Using the records below, write out again exactly the lines that begin at the line containing "add: scaleC_complex_def distrib_left)" and end at the line containing "(simp add: scaleC_complex_def)", and no other lines.

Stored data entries

=== Section Start ===

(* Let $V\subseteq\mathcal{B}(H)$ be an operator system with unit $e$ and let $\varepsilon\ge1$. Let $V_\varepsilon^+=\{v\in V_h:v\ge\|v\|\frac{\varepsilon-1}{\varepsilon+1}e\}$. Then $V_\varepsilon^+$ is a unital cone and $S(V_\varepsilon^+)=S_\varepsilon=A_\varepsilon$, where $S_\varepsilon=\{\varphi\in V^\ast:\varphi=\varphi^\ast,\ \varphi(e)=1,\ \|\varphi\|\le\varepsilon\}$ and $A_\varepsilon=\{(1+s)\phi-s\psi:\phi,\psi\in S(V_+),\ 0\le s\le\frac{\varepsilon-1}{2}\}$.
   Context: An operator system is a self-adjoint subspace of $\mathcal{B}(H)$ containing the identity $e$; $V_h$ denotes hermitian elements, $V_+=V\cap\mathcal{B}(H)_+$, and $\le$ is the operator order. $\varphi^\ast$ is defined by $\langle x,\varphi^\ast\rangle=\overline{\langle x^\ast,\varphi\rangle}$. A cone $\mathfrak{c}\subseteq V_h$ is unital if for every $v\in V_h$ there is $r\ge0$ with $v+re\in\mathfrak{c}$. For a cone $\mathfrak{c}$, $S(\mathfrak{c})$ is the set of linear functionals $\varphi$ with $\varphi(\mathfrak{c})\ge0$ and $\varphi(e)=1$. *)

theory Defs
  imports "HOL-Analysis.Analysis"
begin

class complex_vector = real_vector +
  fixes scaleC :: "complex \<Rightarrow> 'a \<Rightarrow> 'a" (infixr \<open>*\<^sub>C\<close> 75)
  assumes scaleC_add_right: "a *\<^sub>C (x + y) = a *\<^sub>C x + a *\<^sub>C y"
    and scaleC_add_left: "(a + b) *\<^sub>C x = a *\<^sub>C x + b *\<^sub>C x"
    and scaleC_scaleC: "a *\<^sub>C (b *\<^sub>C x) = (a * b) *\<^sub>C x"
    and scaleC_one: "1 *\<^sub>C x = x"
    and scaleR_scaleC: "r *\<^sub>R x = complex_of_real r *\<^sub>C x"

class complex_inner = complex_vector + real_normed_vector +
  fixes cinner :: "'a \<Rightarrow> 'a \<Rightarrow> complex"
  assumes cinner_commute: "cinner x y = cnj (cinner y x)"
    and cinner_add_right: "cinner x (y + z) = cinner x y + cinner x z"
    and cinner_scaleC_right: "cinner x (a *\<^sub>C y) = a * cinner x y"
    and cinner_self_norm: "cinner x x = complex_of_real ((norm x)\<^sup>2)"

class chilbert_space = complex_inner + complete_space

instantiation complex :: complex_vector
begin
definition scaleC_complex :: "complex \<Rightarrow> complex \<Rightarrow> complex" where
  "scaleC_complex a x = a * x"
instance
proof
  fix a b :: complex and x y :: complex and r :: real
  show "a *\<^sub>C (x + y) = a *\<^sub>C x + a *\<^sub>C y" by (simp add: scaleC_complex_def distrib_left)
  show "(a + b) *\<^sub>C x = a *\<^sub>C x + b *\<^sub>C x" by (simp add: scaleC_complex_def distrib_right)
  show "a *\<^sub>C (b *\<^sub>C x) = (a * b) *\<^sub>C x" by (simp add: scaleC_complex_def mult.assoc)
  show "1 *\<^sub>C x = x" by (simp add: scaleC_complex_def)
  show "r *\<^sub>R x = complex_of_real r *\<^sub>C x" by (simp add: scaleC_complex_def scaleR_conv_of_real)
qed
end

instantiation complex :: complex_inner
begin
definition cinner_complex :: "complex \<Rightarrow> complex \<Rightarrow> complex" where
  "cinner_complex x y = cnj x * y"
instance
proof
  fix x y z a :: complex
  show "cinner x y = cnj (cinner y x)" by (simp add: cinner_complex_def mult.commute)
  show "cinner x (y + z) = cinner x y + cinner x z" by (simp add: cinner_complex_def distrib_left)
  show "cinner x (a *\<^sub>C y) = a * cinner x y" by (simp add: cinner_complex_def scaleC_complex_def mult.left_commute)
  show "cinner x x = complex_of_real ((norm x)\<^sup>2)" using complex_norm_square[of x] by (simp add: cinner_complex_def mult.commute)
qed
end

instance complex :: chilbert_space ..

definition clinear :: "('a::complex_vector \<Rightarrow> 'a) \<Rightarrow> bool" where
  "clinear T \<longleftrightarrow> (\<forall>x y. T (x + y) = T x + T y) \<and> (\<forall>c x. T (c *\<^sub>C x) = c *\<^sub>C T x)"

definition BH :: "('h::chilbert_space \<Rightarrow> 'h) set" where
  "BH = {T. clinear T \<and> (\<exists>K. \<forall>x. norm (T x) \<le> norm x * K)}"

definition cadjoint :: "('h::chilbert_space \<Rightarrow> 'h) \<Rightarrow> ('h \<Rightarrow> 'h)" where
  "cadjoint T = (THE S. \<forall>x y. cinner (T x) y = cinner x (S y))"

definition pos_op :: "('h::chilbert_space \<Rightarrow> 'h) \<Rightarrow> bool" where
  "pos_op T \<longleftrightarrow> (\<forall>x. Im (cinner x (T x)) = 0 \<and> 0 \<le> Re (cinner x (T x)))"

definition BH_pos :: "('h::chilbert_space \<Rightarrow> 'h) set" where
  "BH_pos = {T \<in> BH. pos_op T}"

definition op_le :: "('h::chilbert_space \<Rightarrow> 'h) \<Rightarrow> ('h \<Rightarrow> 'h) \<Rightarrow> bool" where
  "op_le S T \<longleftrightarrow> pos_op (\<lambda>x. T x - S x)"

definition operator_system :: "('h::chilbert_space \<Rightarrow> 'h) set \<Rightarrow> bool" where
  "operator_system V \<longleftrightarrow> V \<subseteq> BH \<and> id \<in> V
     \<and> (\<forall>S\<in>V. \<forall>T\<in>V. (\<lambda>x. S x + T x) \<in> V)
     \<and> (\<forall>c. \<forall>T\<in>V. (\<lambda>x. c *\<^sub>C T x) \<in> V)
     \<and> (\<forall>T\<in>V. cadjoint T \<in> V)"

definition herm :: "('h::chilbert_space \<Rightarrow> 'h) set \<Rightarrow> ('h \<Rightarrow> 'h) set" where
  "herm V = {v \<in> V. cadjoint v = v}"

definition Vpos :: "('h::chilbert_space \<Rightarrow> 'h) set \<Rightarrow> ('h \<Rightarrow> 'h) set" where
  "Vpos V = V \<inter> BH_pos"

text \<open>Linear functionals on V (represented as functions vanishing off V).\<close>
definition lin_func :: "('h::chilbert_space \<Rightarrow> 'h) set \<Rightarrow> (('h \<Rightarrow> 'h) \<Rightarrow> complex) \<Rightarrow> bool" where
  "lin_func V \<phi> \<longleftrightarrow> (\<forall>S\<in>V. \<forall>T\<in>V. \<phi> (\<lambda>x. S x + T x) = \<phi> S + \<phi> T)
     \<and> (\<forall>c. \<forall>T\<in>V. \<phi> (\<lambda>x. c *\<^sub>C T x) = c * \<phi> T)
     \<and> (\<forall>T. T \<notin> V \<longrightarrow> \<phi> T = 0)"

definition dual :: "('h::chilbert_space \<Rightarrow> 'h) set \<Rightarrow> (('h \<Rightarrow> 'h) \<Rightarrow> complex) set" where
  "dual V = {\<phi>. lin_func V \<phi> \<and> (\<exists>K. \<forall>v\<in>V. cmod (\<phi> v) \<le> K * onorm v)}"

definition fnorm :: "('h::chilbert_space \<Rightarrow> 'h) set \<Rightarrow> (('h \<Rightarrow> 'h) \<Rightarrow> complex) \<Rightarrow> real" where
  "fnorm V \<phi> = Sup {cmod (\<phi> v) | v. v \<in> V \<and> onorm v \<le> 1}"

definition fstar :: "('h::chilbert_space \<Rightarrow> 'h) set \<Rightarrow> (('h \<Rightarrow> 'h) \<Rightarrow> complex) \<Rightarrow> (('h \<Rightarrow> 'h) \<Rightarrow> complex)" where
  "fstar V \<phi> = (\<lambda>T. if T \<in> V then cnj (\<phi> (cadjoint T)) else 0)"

=== Section End ===

Exercise result:
  show "a *\<^sub>C (x + y) = a *\<^sub>C x + a *\<^sub>C y" by (simp add: scaleC_complex_def distrib_left)
  show "(a + b) *\<^sub>C x = a *\<^sub>C x + b *\<^sub>C x" by (simp add: scaleC_complex_def distrib_right)
  show "a *\<^sub>C (b *\<^sub>C x) = (a * b) *\<^sub>C x" by (simp add: scaleC_complex_def mult.assoc)
  show "1 *\<^sub>C x = x" by (simp add: scaleC_complex_def)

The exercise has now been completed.